• [EXERCISE GOAL]:
Using the records below, write out again exactly the lines that begin at the line containing "using rho_comp[OF t t] rho_id by simp" and end at the line containing "p j k = vmat", and no other lines.

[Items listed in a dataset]
☆ ☆ ☆

(* Transpositions act by automorphisms: involutions, hence bijective, and multiplicative. *)
lemma aut_transposition:
  assumes a: "a \<in> {1..4}" and b: "b \<in> {1..4}" and ab: "a \<noteq> b"
  shows "is_aut \<iota> d (rho (Transposition.transpose a b))"
proof -
  obtain A where A: "A \<in> swap_mats (\<iota> i)" and rho_eq: "rho (Transposition.transpose a b) = jmat A"
    using rho_transposition[OF a b ab] .
  have t: "Transposition.transpose a b permutes {1..4}" by (rule permutes_swap_id[OF a b])
  have "rho (Transposition.transpose a b) \<circ> rho (Transposition.transpose a b) = id"
    using rho_comp[OF t t] rho_id by simp
  then have "bij (rho (Transposition.transpose a b))" using o_bij by blast
  then show ?thesis
    unfolding is_aut_def rho_eq
    by (simp add: jmat_add jmat_scal jmat_swap_mult[OF d_add d_scal iota_sqrt_m1 A])
qed

(* Since transpositions generate S_4, every permutation acts by an automorphism. *)
lemma aut_rho:
  assumes "p permutes {1..4}"
  shows "is_aut \<iota> d (rho p)"
  using assms finite_atLeastAtMost[of "1::nat" 4]
proof (induction rule: permutes_induct)
  case id
  then show ?case using rho_id is_aut_id by (simp add: id_def)
next
  case (swap a b p)
  have "rho (Transposition.transpose a b \<circ> p) = rho (Transposition.transpose a b) \<circ> rho p"
    by (rule rho_comp[OF permutes_swap_id[OF swap.hyps(1,2)] \<open>p permutes {1..4}\<close>])
  then show ?case
    using is_aut_comp[OF aut_transposition[OF swap.hyps(1-3)] swap.IH] by (simp only:)
qed

lemma rho_inj:
  assumes p: "p permutes {1..4}" and q: "q permutes {1..4}" and eq: "rho p = rho q"
  shows "p = q"
proof -
  have "vmat i p j k = vmat i q j k" for j k
    using arg_cong[OF eq, of "\<lambda>s. s (sc (W k) 1) (W j)"] by (simp add: rho_def jmat_entry iota_inj)
  then show ?thesis by (intro vmat_inj[OF two sqrt_m1 p q]) (simp add: fun_eq_iff)
qed

lemma rho_named_perms:
  "rho perm_tau1 = jmat (swap12 (\<iota> i)) \<circ> jmat (swap34 (\<iota> i))"
  "rho perm_tau2 = jmat (swap23 (\<iota> i)) \<circ> jmat (swap14 (\<iota> i))"
  "rho perm_phi = jmat (swap12 (\<iota> i)) \<circ> jmat (swap23 (\<iota> i))"
  "rho perm_tau = jmat (swap12 (\<iota> i))"
  by (simp_all add: perm_decompositions rho_comp permutes_swap_id rho_transpositions del: One_nat_def)

lemma tau1_on_J00_J11: "a \<in> dsum J00 J11 \<Longrightarrow> rho perm_tau1 a = a"
  using dsum_jspan[of "{U, Xo}" "{W I3, X I3}"] unfolding J00_def J11_def
  by (intro jck_eqI) (auto simp: jspan_def rho_named_perms jmat_def swap_mat_defs)

lemma tau1_on_J10_J01: "a \<in> dsum J10 J01 \<Longrightarrow> rho perm_tau1 a = jneg a"
  using dsum_jspan[of "{W I1, X I1}" "{W I2, X I2}"] unfolding J10_def J01_def
  by (intro jck_eqI) (auto simp: jspan_def rho_named_perms jmat_def swap_mat_defs jneg_def)

lemma tau2_on_J00_J10: "a \<in> dsum J00 J10 \<Longrightarrow> rho perm_tau2 a = a"
  using dsum_jspan[of "{U, Xo}" "{W I1, X I1}"] unfolding J00_def J10_def
  by (intro jck_eqI) (auto simp: jspan_def rho_named_perms jmat_def swap_mat_defs
      mult.assoc[symmetric] iota_sqrt_m1)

☆ ☆ ☆

• [YOUR RESPONSE]:
    using rho_comp[OF t t] rho_id by simp
  then have "bij (rho (Transposition.transpose a b))" using o_bij by blast
  then show ?thesis
    unfolding is_aut_def rho_eq
    by (simp add: jmat_add jmat_scal jmat_swap_mult[OF d_add d_scal iota_sqrt_m1 A])
qed

(* Since transpositions generate S_4, every permutation acts by an automorphism. *)
lemma aut_rho:
  assumes "p permutes {1..4}"
  shows "is_aut \<iota> d (rho p)"
  using assms finite_atLeastAtMost[of "1::nat" 4]
proof (induction rule: permutes_induct)
  case id
  then show ?case using rho_id is_aut_id by (simp add: id_def)
next
  case (swap a b p)
  have "rho (Transposition.transpose a b \<circ> p) = rho (Transposition.transpose a b) \<circ> rho p"
    by (rule rho_comp[OF permutes_swap_id[OF swap.hyps(1,2)] \<open>p permutes {1..4}\<close>])
  then show ?case
    using is_aut_comp[OF aut_transposition[OF swap.hyps(1-3)] swap.IH] by (simp only:)
qed

lemma rho_inj:
  assumes p: "p permutes {1..4}" and q: "q permutes {1..4}" and eq: "rho p = rho q"
  shows "p = q"
proof -
  have "vmat i p j k = vmat i q j k" for j k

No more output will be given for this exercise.